Fernando Palouro falou das diferenças do jornalismo pré-25 de Abril
Comemorações do 25 de Abril
Mensagens codificadas

Verdadeiros escritores policiais, os jornalistas "antes da revolução" passavam as informações "pelas entrelinhas". Modelos com os quais nem todos os leitores conseguiam chegar ao que era apresentado.


Por Eduardo Alves


Uma das profissões mais arrasadas pelo regime fascista. Assim define Fernando Paulouro, director do Jornal do Fundão, o jornalismo. Numa iniciativa levada a cabo pela Associação Académica da Universidade da Beira Interior (AAUBI), intitulada "Os 30 do 25", Paulouro sentou-se na cadeira de docente durante duas horas e explicou aos alunos do curso de Filosofia, os principais entraves colocados pelo Estado Novo ao jornalismo.
“Os princípios do “News Speak” - Propaganda ou Informação no Estado de Direito?” foi o mote da palestra que abordou várias temáticas. De entre todos os assuntos descritos pelo jornalista, aquele que mais atenção despertou nos presentes foi o papel que os órgãos de comunicação social "tinham e têm na formação das consciências pessoal e cívica", sublinha Paulouro. O jornalismo feito sob a batuta da ditadura fascista "era como um enredo de histórias codificadas nas crónicas, nos artigos, nas fotos e nos cartoons". O lápis azul da censura "era difícil de enganar". Segundo do director do Jornal do Fundão, a única forma de o conseguir era através de textos onde a mensagem principal "estava escrita nas entrelinhas".
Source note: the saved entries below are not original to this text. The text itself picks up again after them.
lemma index_mat_adjoint:
  "i < dim_col A \<Longrightarrow> j < dim_row A \<Longrightarrow> mat_adjoint A $$ (i, j) = conjugate (A $$ (j, i))"
  by (simp add: mat_adjoint_def mat_of_rows_def)

lemma row_mat_adjoint: "i < dim_col A \<Longrightarrow> row (mat_adjoint A) i = conjugate (col A i)"
  by (simp add: mat_adjoint_def mat_of_rows_row)

lemma conjugate_mat_adjoint_mult_vec:
  assumes "A \<in> carrier_mat m n" and "u \<in> carrier_vec m"
  shows "conjugate (mat_adjoint A *\<^sub>v u) = transpose_mat A *\<^sub>v conjugate u"
proof (rule eq_vecI)
  fix i assume "i < dim_vec (transpose_mat A *\<^sub>v conjugate u)"
  then have i: "i < n" using assms by simp
  have "conjugate (mat_adjoint A *\<^sub>v u) $ i = conjugate (conjugate (col A i) \<bullet> u)"
    using assms i by (simp add: row_mat_adjoint)
  also have "\<dots> = col A i \<bullet> conjugate u"
    using assms i by (simp add: conjugate_sprod_vec[of _ m])
  also have "\<dots> = (transpose_mat A *\<^sub>v conjugate u) $ i"
    using assms i by simp
  finally show "conjugate (mat_adjoint A *\<^sub>v u) $ i = (transpose_mat A *\<^sub>v conjugate u) $ i" .
qed (use assms in simp)

lemma conjugate_scalar_prod_mult_mat_vec:
  fixes A :: "'a::conjugatable_field mat"
  assumes "A \<in> carrier_mat m n" and "u \<in> carrier_vec m" and "v \<in> carrier_vec n"
  shows "conjugate u \<bullet> (A *\<^sub>v v) = conjugate (mat_adjoint A *\<^sub>v u) \<bullet> v"
  using assms by (simp add: conjugate_mat_adjoint_mult_vec transpose_vec_mult_scalar)

lemma conjugate_scalar_prod_eq_sum:
  fixes x y :: "complex vec"
  assumes "x \<in> carrier_vec n" and "y \<in> carrier_vec n"
  shows "conjugate x \<bullet> y = (\<Sum>r<n. cnj (x $ r) * y $ r)"
  using assms by (simp add: scalar_prod_def lessThan_atLeast0)

lemma conjugate_scalar_prod_self_eq_0:
  fixes x :: "'a::conjugatable_ordered_field vec"
  assumes "x \<in> carrier_vec n"
  shows "conjugate x \<bullet> x = 0 \<longleftrightarrow> x = 0\<^sub>v n"
proof -
  have "conjugate x \<bullet> x = x \<bullet>c x"
    using conjugate_vec_sprod_comm[OF assms assms] by (rule sym)
  then show ?thesis
    using conjugate_square_eq_0_vec[OF assms] by (simp only:)
qed

lemma conjugate_scalar_prod_all_eq_0_iff:
  fixes w :: "'a::conjugatable_ordered_field vec"
  assumes "w \<in> carrier_vec n"
  shows "(\<forall>v\<in>carrier_vec n. conjugate w \<bullet> v = 0) \<longleftrightarrow> w = 0\<^sub>v n"
  using assms conjugate_scalar_prod_self_eq_0[OF assms] by auto

lemma minus_vec_eq_0_iff:
  fixes x y :: "'a::group_add vec"
  assumes "x \<in> carrier_vec n" and "y \<in> carrier_vec n"
  shows "x - y = 0\<^sub>v n \<longleftrightarrow> x = y"
proof
  assume diff: "x - y = 0\<^sub>v n"
  show "x = y"
  proof (rule eq_vecI)
    fix i assume "i < dim_vec y"
    then have "(x - y) $ i = 0"
      using assms diff by simp
    then show "x $ i = y $ i"
      using assms \<open>i < dim_vec y\<close> by simp
  qed (use assms in simp)
qed (use assms in simp)

lemma conjugate_minus_vec:
  fixes x y :: "'a::conjugatable_ring vec"
  assumes "x \<in> carrier_vec n" and "y \<in> carrier_vec n"
  shows "conjugate (x - y) = conjugate x - conjugate y"
proof (rule eq_vecI)
  fix i assume "i < dim_vec (conjugate x - conjugate y)"
  then have "i < n" using assms by simp
  then show "conjugate (x - y) $ i = (conjugate x - conjugate y) $ i"
    using assms conjugate_dist_add[of "x $ i" "- y $ i"] conjugate_neg[of "y $ i"] by simp
qed (use assms in simp)

text \<open>Starting the iteration at 0 makes the first difference equal to v, so that one bound
  covers all consecutive differences.\<close>
primrec picard_iter ::
  "nat \<Rightarrow> (nat \<Rightarrow> nat \<Rightarrow> real \<Rightarrow> 'a::{banach,real_normed_algebra}) \<Rightarrow> (nat \<Rightarrow> 'a) \<Rightarrow>
    nat \<Rightarrow> real \<Rightarrow> nat \<Rightarrow> 'a"
where
  "picard_iter n m v 0 = (\<lambda>t r. 0)"
| "picard_iter n m v (Suc k) =
     (\<lambda>t r. v r + integral {0..t} (\<lambda>s. \<Sum>c<n. m r c s * picard_iter n m v k s c))"

locale linear_volterra_system =
  fixes n :: nat and m :: "nat \<Rightarrow> nat \<Rightarrow> real \<Rightarrow> 'a::{banach,real_normed_algebra}"
    and v :: "nat \<Rightarrow> 'a"
  assumes continuous_coeff: "\<And>r c. r < n \<Longrightarrow> c < n \<Longrightarrow> continuous_on {0..1} (m r c)"
begin

lemma coeff_bounded:
  obtains B where "0 \<le> B" "\<And>r c s. r < n \<Longrightarrow> c < n \<Longrightarrow> s \<in> {0..1} \<Longrightarrow> norm (m r c s) \<le> B"
proof -
  have "continuous_on {0..1} (\<lambda>s. \<Sum>r<n. \<Sum>c<n. norm (m r c s))"
    using continuous_coeff by (auto intro!: continuous_on_sum continuous_on_norm)
  then obtain B where B: "\<And>s. s \<in> {0..1} \<Longrightarrow> norm (\<Sum>r<n. \<Sum>c<n. norm (m r c s)) \<le> B"
    using continuous_on_compact_bound[OF compact_Icc] by blast
  have "norm (m r c s) \<le> B" if "r < n" "c < n" "s \<in> {0..1}" for r c s
  proof -
    have "norm (m r c s) \<le> (\<Sum>c'<n. norm (m r c' s))"
      using that by (intro member_le_sum) auto
    also have "\<dots> \<le> (\<Sum>r'<n. \<Sum>c'<n. norm (m r' c' s))"
      using that by (intro member_le_sum[of r "{..<n}" "\<lambda>r'. \<Sum>c'<n. norm (m r' c' s)"])
                    (auto intro: sum_nonneg)
    also have "\<dots> \<le> B"
      using B[OF that(3)] by simp
    finally show ?thesis .
  qed
  moreover have "0 \<le> B"
    using B[of 0] norm_ge_zero[of "\<Sum>r<n. \<Sum>c<n. norm (m r c 0)"] by simp
  ultimately show thesis using that by blast
qed
lemma nn_integral_expval_sigma3_sq_le_Suc:
  assumes "n \<ge> 2" "Suc l \<le> L"
  shows "(\<integral>\<^sup>+x. ennreal ((expval n (sigma 3) (circuit_state n (curry x) l))\<^sup>2) \<partial>beta_measure n L)
       \<le> 4 * (\<integral>\<^sup>+x. ennreal ((expval n (sigma 3) (circuit_state n (curry x) (Suc l)))\<^sup>2) \<partial>beta_measure n L)"
proof -
  let ?M = "beta_measure n L" and ?Z = "expval n (sigma 3)" and ?X = "expval n (sigma 1)"
  define j1 j2 where "j1 = 2 * Suc l - 1" and "j2 = 2 * Suc l"
  define T where "T x = circuit_state n (curry x) l" for x
  define S where "S x = sandwich (CZ2 n) (sandwich (Vlayer n (curry x) j1) (T x))" for x
  have n1: "n \<ge> 1" and T_carrier: "T x \<in> carrier_mat (2^n) (2^n)" for x
    using assms(1) by (auto simp: T_def)
  have V_carrier: "sandwich (Vlayer n (curry x) j1) (T x) \<in> carrier_mat (2^n) (2^n)" for x
    using T_carrier by simp
  have S_carrier: "S x \<in> carrier_mat (2^n) (2^n)" for x
    using V_carrier assms(1) by (simp add: S_def)
  have Z_S: "?Z (S x) = cos (2 * x (j1, 1)) * ?Z (T x) - sin (2 * x (j1, 1)) * ?X (T x)" for x
    unfolding S_def expval_sigma3_sandwich_sign_diag[OF sign_diag_CZ2[OF assms(1)] V_carrier]
      expval_sigma3_sandwich_Vlayer[OF n1 T_carrier] by simp
  have Z_Suc: "?Z (circuit_state n (curry x) (Suc l)) = cos (2 * x (j2, 1)) * ?Z (S x) - sin (2 * x (j2, 1)) * ?X (S x)" for x
  proof -
    have "circuit_state n (curry x) (Suc l) = sandwich (CZ1 n) (sandwich (Vlayer n (curry x) j2) (S x))"
      unfolding circuit_state_Suc[OF assms(1)] S_def T_def j1_def j2_def ..
    then show ?thesis
      using S_carrier by (simp add: expval_sigma3_sandwich_sign_diag[OF sign_diag_CZ1[OF assms(1)]]
          expval_sigma3_sandwich_Vlayer[OF n1])
  qed
  have bm_T: "bounded_measurable_mat ?M (2^n) T"
    unfolding T_def using assms by (intro bounded_measurable_circuit_state_beta) auto
  have bm_S: "bounded_measurable_mat ?M (2^n) S"
    unfolding S_def using assms bm_T
    by (intro bounded_measurable_mat_sandwich bounded_measurable_mat_const bounded_measurable_mat_Vlayer
        borel_measurable_beta_coordinate) (auto simp: j1_def)
  have T_indep: "T (x(p := y)) = T x" if "fst p > 2 * l" for x p y
    unfolding T_def using that by (intro circuit_state_cong) (auto simp: fun_eq_iff)
  have S_indep: "S (x((j2, 1) := y)) = S x" for x y
  proof -
    have "Vlayer n (curry (x((j2, 1) := y))) j1 = Vlayer n (curry x) j1"
      by (simp add: Vlayer_def j1_def j2_def)
    then show ?thesis
      using T_indep[of "(j2, 1)"] by (simp add: S_def j2_def)
  qed
  have finite: "finite ({1..2 * L + 1} \<times> {1..n})" by simp
  have first_rotation: "(\<integral>\<^sup>+x. ennreal ((?Z (T x))\<^sup>2) \<partial>?M) \<le> 2 * (\<integral>\<^sup>+x. ennreal ((?Z (S x))\<^sup>2) \<partial>?M)"
    unfolding Z_S beta_measure_eq
    using assms bounded_measurable_expval(1)[OF bm_T, unfolded beta_measure_eq] T_indep[of "(j1, 1)"]
    by (intro nn_integral_sq_le_rotated[OF finite]) (auto simp: j1_def)
  have second_rotation: "(\<integral>\<^sup>+x. ennreal ((?Z (S x))\<^sup>2) \<partial>?M)
      \<le> 2 * (\<integral>\<^sup>+x. ennreal ((?Z (circuit_state n (curry x) (Suc l)))\<^sup>2) \<partial>?M)"
    unfolding Z_Suc beta_measure_eq
    using assms bounded_measurable_expval(1)[OF bm_S, unfolded beta_measure_eq] S_indep
    by (intro nn_integral_sq_le_rotated[OF finite]) (auto simp: j2_def)
  note first_rotation
  also have "2 * (\<integral>\<^sup>+x. ennreal ((?Z (S x))\<^sup>2) \<partial>?M)
      \<le> 2 * (2 * (\<integral>\<^sup>+x. ennreal ((?Z (circuit_state n (curry x) (Suc l)))\<^sup>2) \<partial>?M))"
    using second_rotation by (rule mult_left_mono) simp
  finally show ?thesis
    by (simp add: T_def mult.assoc[symmetric])
qed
"Uma resistência disfarçada"

Verdadeiros detectives, os leitores foram ganhando uma capacidade "de decifrar aquilo que estava escrito nas páginas dos jornais". Paulouro recorda mesmo uma crónica, "género jornalístico que conheceu o seu auge no tempo da ditadura", que falava sobre um jogo de futebol entre o Sporting e o Porto, mas "fazia referência ao golpe falhado do 16 de Março".
Estas e outras peripécias, eram "extremamente redutoras", num País onde faltava quase tudo para o homem crescer "culturalmente". Uma das preocupações de qualquer regime e uma das formas da sua manutenção "é o silenciar a comunicação social". Outrora como hoje, "o que não é noticiado não existe", e muita coisa nunca foi dita, refere Paulouro.

Um novo jornalismo

Uma das grandes conquistas alcançadas por Abril foi a liberdade de expressão, "nas suas vertentes de informar e ser informado", avança o jornalista. Nos dias que correm, toda a comunicação social assume um papel "relevante, na criação de uma sociedade mais justa". A transposição das barreiras geográficas e o acesso mais fácil à imprensa "garantem uma maior estabilidade aos cidadãos".
Questionado sobre o excesso de liberdade nos órgãos de comunicação social, Paulouro responde que "têm de ser os próprios jornalistas, enquanto gestores da informação, a escolher o que deve ou não ser notícia e como deve ser abordada". Um dos grandes atractivos, "deste contra-poder, é exactamente a sua capacidade de pressão sobre todos os outros grupos sociais". A possibilidade dos media arrastarem um grande número de pessoas para uma determinada opinião, "tem sido utilizada por muitos gestores, políticos e afins".
Um dos grandes problemas que se colocam ao jornalismo na actualidade "é a concentração de poderes nas mãos de um grupo restrito de pessoas". Na perspectiva de Fernando Paulouro, "a censura disfarçada ainda não se verifica em toda a comunicação", mas esse "contratempo" pode vir a ser instaurado "sem que o público em geral" tome noção desse facto.
Participar mais activamente na escolha e na selecção da informação fornecida, "é uma das formas de manter o jornalismo puro", defende Paulouro. Os cidadãos que gozam de liberdade de expressão, devem "exigir informações verdadeiras" e não casos deturpados, como acontecia antes de Abril.